**PROBLEM TO WORK ON**
Check every line of the data below for "fastforce". Copy each one that has it.

**DATA SHOWN**
lemma pre_f_optm_extend:
  assumes t: "take N t \<in> pre (f_optm S LG K N s)" "s @ t \<in> pre K"
  obtains w where "s @ t @ w \<in> K" "take N (t @ w) \<in> pre (f_optm S LG K N s)"
proof (cases "length t < N")
  case True
  then obtain w' where "t @ w' \<in> f_optm S LG K N s"
    using t(1) unfolding pre_def by auto
  moreover from f_optm_extend[OF this] obtain w''
    where "s @ (t @ w') @ w'' \<in> K" "take N ((t @ w') @ w'') = t @ w'" .
  ultimately show thesis
    using that[of "w' @ w''"] subset_pre by fastforce
next
  case False
  obtain w where "s @ t @ w \<in> K"
    using t(2) unfolding pre_def by auto
  then show thesis
    using that[of w] t(1) False by simp
qed

lemma optm_reach_extend:
  assumes t: "t \<in> optm_reach S LG K N s"
  obtains v where "t @ v \<in> optm_reach S LG K N s" "s @ t @ v \<in> K"
proof -
  obtain w where w: "s @ t @ w \<in> K" "take N (t @ w) \<in> pre (f_optm S LG K N s)"
    using t pre_f_optm_extend unfolding optm_reach_def by blast
  obtain i where i: "s @ t @ take i w \<in> K_mc S LG K \<or> i = length w"
    and i_min: "\<And>k. s @ t @ take k w \<in> K_mc S LG K \<or> k = length w \<Longrightarrow> i \<le> k"
    using ex_has_least_nat[of "\<lambda>k. s @ t @ take k w \<in> K_mc S LG K \<or> k = length w" "length w" id]
    by auto
  define v where "v = take i w"
  have "i \<le> length w"
    using i_min by blast
  have "s @ t @ v \<in> K"
    using i w(1) unfolding v_def K_mc_def by auto
  moreover have "take N (t @ v) = take (length t + i) (take N (t @ w))"
    using take_take[of N "length t + i" "t @ w"] take_take[of "length t + i" N "t @ w"]
    unfolding v_def by (simp add: min.commute)
  moreover have "inner_K_mc_free S LG K s (t @ v)"
  proof (rule inner_K_mc_free_append)
    show "inner_K_mc_free S LG K s t"
      using t unfolding optm_reach_def by blast
    fix k assume "k < length v"
    then have "k < i"
      unfolding v_def by simp
    then show "s @ t @ take k v \<notin> K_mc S LG K"
      using i_min[of k] unfolding v_def by (auto simp: min_def)
  qed
  ultimately have "t @ v \<in> optm_reach S LG K N s"
    using w(2) take_mem_pre subset_pre unfolding optm_reach_def by fastforce
  then show thesis
    using that \<open>s @ t @ v \<in> K\<close> by blast
qed

context
  fixes S :: "'a set" and LG K :: "'a list set" and N n :: nat and s :: "'a list"
  assumes s_legal: "s \<in> pre (supC S K LG)"
    and Nmcf_eq: "Nmcf S LG K = Some n"
    and horizon: "n < N"
begin

lemma optm_reach_not_K_fc:
  assumes t: "t \<in> optm_reach S LG K N s"
  shows "s @ t \<notin> K_fc S LG K"
proof
  assume fc: "s @ t \<in> K_fc S LG K"
  have "take k (s @ t) \<notin> K_mc S LG K" if "length s < k" "k < length (s @ t)" for k
    using t that unfolding optm_reach_def inner_K_mc_free_def by auto
  then obtain j where j: "j \<le> length s + n" "take j (s @ t) \<in> K_fc S LG K"
    using K_fc_prefix_within_Nmcf[OF Nmcf_eq fc, of "length s"] by auto
  show False
  proof (cases "j \<le> length s")
    case True
    then show False
      using take_mem_pre[OF s_legal, of j] pre_supC_not_K_fc j(2) by auto
  next
    case False
    define t' where "t' = take (j - length s) t"
    have "j - length s < N"
      using horizon j(1) by linarith
    then have "t' = take (j - length s) (take N t)"
      unfolding t'_def by (simp add: min_def)
    moreover have "take (j - length s) (take N t) \<in> pre (f_optm S LG K N s)"
      using t take_mem_pre unfolding optm_reach_def by blast
    ultimately have "t' \<in> pre (f_optm S LG K N s)"
      by simp
    moreover have "length t' < N"
      using \<open>j - length s < N\<close> unfolding t'_def by simp
    ultimately show False
      using pre_f_optm_not_K_fc j(2) False unfolding t'_def by fastforce
  qed
qed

**EXERCISE RESULT**
    using that[of "w' @ w''"] subset_pre by fastforce
    using w(2) take_mem_pre subset_pre unfolding optm_reach_def by fastforce
      using pre_f_optm_not_K_fc j(2) False unfolding t'_def by fastforce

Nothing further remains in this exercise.